Invalid Diagonal Values

A common source of bugs is forgetting that:

lcp[i][i] = n - i

must always hold.

For example:

lcp[3][3] = 3

is impossible when only one character remains in the suffix.

The implementation immediately validates all diagonal entries before doing any further processing.

Equality Constraints That Cause Contradictions

It is possible for pairwise equality relationships to appear valid while deeper suffix relationships remain inconsistent.

For example:

lcp[i][j] = 1

means the first characters match, but the next characters must differ. If later matrix entries imply they also match, the matrix becomes contradictory.
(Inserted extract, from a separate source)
(* Let $K$ be a subgroup of $\mathrm{Spin}_8\subset\mathrm{Spin}_{10,1}$ and let $N$ be a subgroup of the null-rotation group $\{\mathbb{1}+\sum_\mu c_\mu\Sigma_{+\mu}: c\in\mathbb{R}^9\}$ containing a non-identity element; let $G$ be the subgroup generated by $K$ and $N$. For a subgroup $H$ write $\Delta^H$ for the $H$-invariant spinors, and set $\Delta^K_\pm=\Delta^K\cap\ker\Gamma_\pm$. Then: (i) $\Delta^K=\Delta^K_+\oplus\Delta^K_-$, $\Gamma_\pm$ restricts to an isomorphism $\Delta^K_\mp\to\Delta^K_\pm$, and $\dim\Delta^K_+=\dim\Delta^K_-=\tfrac12\dim\Delta^K$; $\dim\Delta^K$ is even; (ii) $\Delta^G=\Delta^K_+$, so $\dim\Delta^G=\tfrac12\dim\Delta^K$; (iii) if $\pi$ is a unit simple $(5,1)$-vector whose plane contains $e_0$ and $e_9$, and $\Delta(\pm\pi)=\{\varepsilon:\pi\cdot\varepsilon=\pm\varepsilon\}$, then $\Gamma_+$ maps $\Delta^K_-\cap\Delta(\pi)$ isomorphically onto $\Delta^K_+\cap\Delta(-\pi)$ and $\Delta^K_-\cap\Delta(-\pi)$ isomorphically onto $\Delta^K_+\cap\Delta(\pi)$; in particular $\dim(\Delta(\pi)\cap\Delta^G)\le\tfrac12\dim\Delta^K$.
   Context: Let $\mathbb{M}^{10,1}$ be $\mathbb{R}^{11}$ with orthonormal basis $e_0,e_1,\dots,e_9,e_\natural$ and Lorentzian metric $\eta$ with $\eta(e_0,e_0)=-1$ and $\eta(e_M,e_M)=+1$ for $M\neq 0$. The Clifford algebra $\mathrm{C}\ell_{1,10}$ is generated by $\Gamma_M$, $M\in\{0,1,\dots,9,\natural\}$, with $\Gamma_M\Gamma_N+\Gamma_N\Gamma_M=2\eta_{MN}\mathbb{1}$; simple multivectors of orthogonal vectors act by Clifford products. $\Delta$ denotes the $32$-dimensional real irreducible representation of $\mathrm{C}\ell_{1,10}$ on which $\Gamma_0\Gamma_1\cdots\Gamma_9\Gamma_\natural=-\mathbb{1}$. $\Sigma_{MN}=-\tfrac12\Gamma_M\Gamma_N$; $\mathrm{Spin}_8$ is the connected subgroup of $\mathrm{Spin}_{10,1}$ with Lie algebra spanned by $\Sigma_{ij}$, $1\le i<j\le 8$. $\Gamma_\pm=\Gamma_0\pm\Gamma_9$ and $\Sigma_{+\mu}=-\tfrac12\Gamma_+\Gamma_\mu$ for $\mu\in\{1,\dots,8,\natural\}$. *)

theory Defs
  imports "HOL-Analysis.Analysis"
begin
The final DP verification step catches all such inconsistencies.

More Than 26 Distinct Components

The problem restricts characters to lowercase English letters.

If the Union-Find structure produces more than 26 disconnected components, no valid string exists.

The greedy assignment step explicitly checks this condition and returns "" when necessary.